ASSIGNMENT> Beneath this line are the data; copy exactly the part of them that opens with the line containing "using block_kernel_Suc[OF y]" and closes with the line containing "(* Consider the", and only that part.

EXERCISE MATERIAL>
lemma semilinear_functional_represented:
  assumes "finite S" "span S = UNIV"
    and l_add: "\<And>x y. l (x + y) = l x + l y" and l_scale: "\<And>a x. l (sc a x) = rho a * l x"
  shows "\<exists>y. \<forall>x. l x = h x y"
proof -
  obtain B where B: "finite B" "independent B" "span B = UNIV"
    using ex_finite_basis assms(1,2) by blast
  have coords: "\<exists>r. x = (\<Sum>b\<in>B. sc (r b) b)" for x
    using span_finite[OF B(1)] B(3) by auto
  have coords_unique: "(\<Sum>b\<in>B. sc (c b) b) = 0 \<Longrightarrow> b \<in> B \<Longrightarrow> c b = 0" for c b
    using B(2) dependent_finite[OF B(1)] by blast
  have l_sum: "l (\<Sum>i\<in>I. F i) = (\<Sum>i\<in>I. l (F i))" for I F
    by (induction I rule: infinite_finite_induct) (auto simp: l_add l_scale[of 0 0, simplified])
  have determined_by_basis: "l x = h x y" if "\<forall>b\<in>B. l b = h b y" for x y
  proof -
    obtain r where r: "x = (\<Sum>b\<in>B. sc (r b) b)" using coords by blast
    show ?thesis using that unfolding r l_sum h_sum_left by (simp add: l_scale)
  qed
  define T where "T y = (\<Sum>b\<in>B. sc (h b y) b)" for y
  have T_diff: "T y - T z = (\<Sum>b\<in>B. sc (h b y - h b z) b)" for y z
    unfolding T_def by (simp add: scale_left_diff_distrib sum_subtractf)
  have "Vector_Spaces.linear sc sc T"
    unfolding Vector_Spaces.linear_iff T_def
    by (auto simp: h_add_right scale_left_distrib sum.distrib scale_sum_right mult.commute
        vector_space_axioms)
  moreover have "inj T"
  proof (rule injI)
    fix y z assume "T y = T z"
    then have "\<forall>b\<in>B. h b (y - z) = 0"
      using coords_unique[of "\<lambda>b. h b y - h b z"] T_diff[of y z] by (simp add: h_diff_right)
    then have "h x (y - z) = 0" for x
      using coords[of x] by (auto simp: h_sum_left)
    then show "y = z" using h_nondegenerate_right[of "y - z"] by simp
  qed
  ultimately obtain y where y: "T y = (\<Sum>b\<in>B. sc (l b) b)"
    using linear_inj_imp_surj_finite_span[OF assms(1,2)] by (metis surjD)
  have "\<forall>b\<in>B. l b = h b y"
    using coords_unique[of "\<lambda>b. h b y - l b"] T_diff[of y] y
    by (simp add: T_def scale_left_diff_distrib sum_subtractf)
  then show ?thesis using determined_by_basis by blast
qed
text \<open>Passing from rank \<open>R\<close> to rank \<open>R + 1\<close> adds the constant \<open>p\<^sub>R\<^sub>+\<^sub>1 / N\<^sub>R\<^sub>+\<^sub>1\<close> on the
  whole block, a rank-one perturbation: the old resolvent column, extended by zero, solves the new
  equation up to a multiple of the vector of ones.\<close>

lemma resolvent_delta_Suc_equation:
  assumes z: "Im z \<noteq> 0" and y: "y \<in> Q (Suc R) x"
  defines "c \<equiv> complex_of_real (p (Suc R) / real (NN n (Suc R))) * (\<Sum>y'\<in>Q R x. res R z \<delta> y')"
  shows "(\<Sum>y'\<in>Q (Suc R) x. complex_of_real (A (Suc R) y y') * res R z \<delta> y') - z * res R z \<delta> y = \<delta> y + c"
proof -
  interpret s: symmetric_eigenbasis "Q R x" "A R" "K R" "lam R" "v R" by (rule symmetric_eigenbasis)
  let ?\<psi> = "res R z \<delta>"
  have \<psi>0: "?\<psi> y' = 0" if "y' \<notin> Q R x" for y'
    using s.supported_on_resolvent that unfolding supported_on_def by blast
  have restrict: "(\<Sum>y'\<in>Q (Suc R) x. f y' * ?\<psi> y') = (\<Sum>y'\<in>Q R x. f y' * ?\<psi> y')" for f
    by (rule sum.mono_neutral_right[OF finite_cluster cluster_subset_Suc]) (use \<psi>0 in auto)
  have "(\<Sum>y'\<in>Q (Suc R) x. complex_of_real (A (Suc R) y y') * ?\<psi> y')
      = (\<Sum>y'\<in>Q (Suc R) x. complex_of_real (A R y y') * ?\<psi> y'
          + complex_of_real (p (Suc R) / real (NN n (Suc R))) * ?\<psi> y')"
    using block_kernel_Suc[OF y] by (intro sum.cong refl) (simp add: distrib_right)
  also have "\<dots> = (\<Sum>y'\<in>Q R x. complex_of_real (A R y y') * ?\<psi> y') + c"
    unfolding sum.distrib c_def restrict by (simp add: sum_distrib_left)
  finally have split: "(\<Sum>y'\<in>Q (Suc R) x. complex_of_real (A (Suc R) y y') * ?\<psi> y')
      = (\<Sum>y'\<in>Q R x. complex_of_real (A R y y') * ?\<psi> y') + c" .
  show ?thesis
  proof (cases "y \<in> Q R x")
    case True
    have "supported_on (Q R x) \<delta>" unfolding supported_on_def using mem_cluster by auto
    from s.resolvent_solves[OF z this True] show ?thesis unfolding split by (simp add: algebra_simps)
  next
    case False
    then show ?thesis unfolding split using block_kernel_eq_0[OF False] \<psi>0[OF False] mem_cluster
      by auto
  qed
qed
(* Consider the model below with $M=M_f=N=1$ (full-information rational expectations) and $\epsilon_2\ge 0$, and fix all parameters other than $\epsilon_1$. Then there exists $\bar{\epsilon}_{REE}\in[-\infty,\infty)$, depending only on $(\beta,\sigma,\lambda,\mu,\psi,p,q,\epsilon_2)$, such that for every $\epsilon_1\in\mathbb{R}$ a rational expectations equilibrium (REE) exists if and only if $\epsilon_1\ge\bar{\epsilon}_{REE}$.
   Context: Parameters: $0<\beta<1$, $\sigma>0$, $\lambda>0$, $\mu>0$, $\psi>1$, $p,q\in(0,1]$. The demand shock $\epsilon_t$ is a two-state Markov chain on $\{\epsilon_1,\epsilon_2\}\subset\mathbb{R}$ with $\Pr(\epsilon_{t+1}=\epsilon_1\mid\epsilon_t=\epsilon_1)=p$, $\Pr(\epsilon_{t+1}=\epsilon_2\mid\epsilon_t=\epsilon_2)=q$. The model (with discount parameters $M,M_f,N\in(0,1]$) is $x_t=M\hat E_t x_{t+1}-\sigma(i_t-N\hat E_t\pi_{t+1})+\epsilon_t$, $\pi_t=\lambda x_t+M_f\beta\hat E_t\pi_{t+1}$, $i_t=\max\{\psi\pi_t,-\mu\}$, where $x_t$ is the output gap, $\pi_t$ inflation, $i_t$ the nominal rate. An REE (with $M=M_f=N=1$) is a pair $Y_j=(x_j,\pi_j)\in\mathbb{R}^2$, $j=1,2$ (the values of $(x_t,\pi_t)$ when $\epsilon_t=\epsilon_j$), such that for $j=1,2$, with $i_j=\max\{\psi\pi_j,-\mu\}$: $x_j=x^e_j-\sigma(i_j-\pi^e_j)+\epsilon_j$ and $\pi_j=\lambda x_j+\beta\pi^e_j$, where $(x^e_1,\pi^e_1)=pY_1+(1-p)Y_2$ and $(x^e_2,\pi^e_2)=(1-q)Y_1+qY_2$ (the Markov conditional expectations). *)

theory Defs
  imports Complex_Main "HOL-Library.Extended_Real"
begin

text \<open>REE of the two-state model with M = M_f = N = 1.
  State j has values (x_j, pi_j); nominal rate i_j = max (psi pi_j) (-mu);
  expectations are Markov conditional expectations with
  Pr(1|1) = p, Pr(2|2) = q.\<close>

definition is_REE ::
  "real \<Rightarrow> real \<Rightarrow> real \<Rightarrow> real \<Rightarrow> real \<Rightarrow> real \<Rightarrow> real \<Rightarrow> real \<Rightarrow> real
   \<Rightarrow> real \<Rightarrow> real \<Rightarrow> real \<Rightarrow> real \<Rightarrow> bool" where
  "is_REE \<beta> \<sigma> lam \<mu> \<psi> p q \<epsilon>1 \<epsilon>2 x1 \<pi>1 x2 \<pi>2 \<longleftrightarrow>
     (let i1 = max (\<psi> * \<pi>1) (- \<mu>);
          i2 = max (\<psi> * \<pi>2) (- \<mu>);
          xe1 = p * x1 + (1 - p) * x2;
          pie1 = p * \<pi>1 + (1 - p) * \<pi>2;
          xe2 = (1 - q) * x1 + q * x2;
          pie2 = (1 - q) * \<pi>1 + q * \<pi>2
      in x1 = xe1 - \<sigma> * (i1 - pie1) + \<epsilon>1 \<and>
         \<pi>1 = lam * x1 + \<beta> * pie1 \<and>
         x2 = xe2 - \<sigma> * (i2 - pie2) + \<epsilon>2 \<and>
         \<pi>2 = lam * x2 + \<beta> * pie2)"

definition REE_exists ::
  "real \<Rightarrow> real \<Rightarrow> real \<Rightarrow> real \<Rightarrow> real \<Rightarrow> real \<Rightarrow> real \<Rightarrow> real \<Rightarrow> real \<Rightarrow> bool" where
  "REE_exists \<beta> \<sigma> lam \<mu> \<psi> p q \<epsilon>1 \<epsilon>2 \<longleftrightarrow>
     (\<exists>x1 \<pi>1 x2 \<pi>2. is_REE \<beta> \<sigma> lam \<mu> \<psi> p q \<epsilon>1 \<epsilon>2 x1 \<pi>1 x2 \<pi>2)"

end

theory Submission
  imports Defs
begin

(* Solving the Phillips curves for the output gaps reduces an REE to two equations in the
   inflation rates: \<epsilon>1 = c (1 - p) (\<pi>1 - \<pi>2) + R \<pi>1 and \<epsilon>2 = c (1 - q) (\<pi>2 - \<pi>1) + R \<pi>2,
   where c > 0 and R \<pi> = \<sigma> (max (\<psi> \<pi>) (-\<mu>) - \<pi>) is piecewise linear with slope
   \<sigma> (\<psi> - 1) > 0 on the right.
   If q < 1, the second equation gives \<pi>1 as a function of \<pi>2, so the admissible \<epsilon>1 form the
   range of a continuous function of \<pi>2 that tends to +\<infinity> and is affine near -\<infinity>; such a range
   is either all of \<real> or [min, \<infinity>).
   If q = 1, the second equation reads \<epsilon>2 = R \<pi>2; its largest root \<epsilon>2 / (\<sigma> (\<psi> - 1)),
   which exists because \<epsilon>2 \<ge> 0, shifts the range of \<pi>1 \<mapsto> c (1 - p) \<pi>1 + R \<pi>1, a set of
   the same kind. *)

definition is_threshold_set :: "real set \<Rightarrow> bool" where
  "is_threshold_set S \<longleftrightarrow> (\<exists>e::ereal. e < \<infinity> \<and> (\<forall>y. y \<in> S \<longleftrightarrow> e \<le> ereal y))"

EXERCISE OUTPUT>
    using block_kernel_Suc[OF y] by (intro sum.cong refl) (simp add: distrib_right)
  also have "\<dots> = (\<Sum>y'\<in>Q R x. complex_of_real (A R y y') * ?\<psi> y') + c"
    unfolding sum.distrib c_def restrict by (simp add: sum_distrib_left)
  finally have split: "(\<Sum>y'\<in>Q (Suc R) x. complex_of_real (A (Suc R) y y') * ?\<psi> y')
      = (\<Sum>y'\<in>Q R x. complex_of_real (A R y y') * ?\<psi> y') + c" .
  show ?thesis
  proof (cases "y \<in> Q R x")
    case True
    have "supported_on (Q R x) \<delta>" unfolding supported_on_def using mem_cluster by auto
    from s.resolvent_solves[OF z this True] show ?thesis unfolding split by (simp add: algebra_simps)
  next
    case False
    then show ?thesis unfolding split using block_kernel_eq_0[OF False] \<psi>0[OF False] mem_cluster
      by auto
  qed
qed
(* Consider the model below with $M=M_f=N=1$ (full-information rational expectations) and $\epsilon_2\ge 0$, and fix all parameters other than $\epsilon_1$. Then there exists $\bar{\epsilon}_{REE}\in[-\infty,\infty)$, depending only on $(\beta,\sigma,\lambda,\mu,\psi,p,q,\epsilon_2)$, such that for every $\epsilon_1\in\mathbb{R}$ a rational expectations equilibrium (REE) exists if and only if $\epsilon_1\ge\bar{\epsilon}_{REE}$.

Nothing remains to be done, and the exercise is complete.